We could have added a new leaf node under the found one and insert the new entry there. But that would create an imbalance in the tree, breaking the invariants of equal length of all paths from the root node to any leaf node, and the minimum entries per node (we certainly do not want to have only one entry in a non-root node).
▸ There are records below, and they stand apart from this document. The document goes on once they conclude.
lemma top_stats_in_nabla:
  assumes r: "r \<ge> 1" and rK: "r \<le> K" and x: "x \<in> prob_simplex K"
  shows "top_stats r K x \<in> nabla r"
proof -
  obtain p where p: "p permutes {..<K}" "\<And>i. i < K \<Longrightarrow> rev (sort (map x [0..<K])) ! i = x (p i)"
    using top_stats_permutes[of K x] by blast
  have x0: "\<And>k. k < K \<Longrightarrow> 0 \<le> x k" and x1: "(\<Sum>k<K. x k) = 1"
    using x by (auto simp: prob_simplex_def)
  have pK: "\<And>i. i < K \<Longrightarrow> p i < K" using permutes_in_image[OF p(1)] by simp
  have "0 \<le> top_stats r K x (r - 1)"
    using r rK p(2)[of "r-1"] x0[OF pK[of "r-1"]] by (simp add: top_stats_def)
  moreover have "\<forall>i. Suc i < r \<longrightarrow> top_stats r K x (Suc i) \<le> top_stats r K x i"
    using rK by (auto simp: top_stats_def intro!: rev_sort_nth_antimono)
  moreover have "(\<Sum>i<r. top_stats r K x i) \<le> 1"
  proof -
    have "(\<Sum>i<r. top_stats r K x i) = (\<Sum>i<r. x (p i))"
      using rK by (intro sum.cong) (auto simp: top_stats_def p(2))
    also have "\<dots> = (\<Sum>k\<in>p ` {..<r}. x k)"
      using permutes_inj[OF p(1)] by (subst sum.reindex) (auto intro: inj_on_subset)
    also have "\<dots> \<le> (\<Sum>k<K. x k)"
      using pK rK x0 by (intro sum_mono2) auto
    finally show ?thesis using x1 by simp
  qed
  ultimately show ?thesis by (auto simp: nabla_def top_stats_def)
qed

lemma nabla_antimono:
  assumes q: "q \<in> nabla r" and "a \<le> b" "b < r"
  shows "q b \<le> q a"
  using assms(2,3)
proof (induction b rule: dec_induct)
  case (step n)
  then show ?case using q by (fastforce simp: nabla_def)
qed simp

lemma nabla_nonneg:
  assumes q: "q \<in> nabla r"
  shows "0 \<le> q k"
proof (cases "k < r")
  case True
  then have "q (r-1) \<le> q k" using nabla_antimono[OF q, of k "r-1"] by simp
  moreover have "0 \<le> q (r-1)" using q by (simp add: nabla_def)
  ultimately show ?thesis by simp
qed (use q in \<open>simp add: nabla_def\<close>)

lemma rev_sort_map_nabla:
  assumes q: "q \<in> nabla r" and rK: "r \<le> K" and i: "i < K"
  shows "rev (sort (map q [0..<K])) ! i = q i"
proof -
  have antimono: "q b \<le> q a" if "a \<le> b" for a b
  proof (cases "b < r")
    case False
    then show ?thesis using q nabla_nonneg[OF q, of a] by (simp add: nabla_def)
  qed (use nabla_antimono[OF q that] in simp)
  have "sorted (rev (map q [0..<K]))"
    unfolding sorted_iff_nth_mono by (auto simp: rev_nth antimono)
  then have "sort (map q [0..<K]) = rev (map q [0..<K])" by (intro properties_for_sort) simp_all
  then show ?thesis using i by simp
qed

lemma closed_nabla: "closed (nabla r)"
proof -
  have "nabla r = (\<Inter>i\<in>{i. r \<le> i}. {q. q i = 0}) \<inter> {q. 0 \<le> q (r - 1)} \<inter>
      (\<Inter>i\<in>{i. Suc i < r}. {q. q (Suc i) \<le> q i}) \<inter> {q. (\<Sum>i<r. q i) \<le> 1}"
    by (auto simp: nabla_def)
  moreover have coord: "continuous_on UNIV (\<lambda>q::nat\<Rightarrow>real. q i)" for i
    by simp
  ultimately show ?thesis
    by (auto intro!: closed_Int closed_INT closed_Collect_eq closed_Collect_le continuous_on_sum coord)
qed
When the node split reaches the root node, we create a new root node with a single entry in it. Therefore the minimum entries in a root node is one. What about the other nodes? Well, we have to make sure that when we split a node, each of the resulting nodes must have at least the minimum entries. One good way of achieving this is to ensure each non-root node is half full. That is, if we let \(k\) be the minimum number of entries per node, then the maximum number of entries per node must be \(2k\). Together with the new entry that will be inserted, we have \(2k + 1\) entries. From these, the first \(k\) entries are put into the first node, the entries from \(k + 2\) to \(2k + 1\) are put into the second node, and the median entry, that is, the (\(k + 1\))th entry is inserted into the parent node.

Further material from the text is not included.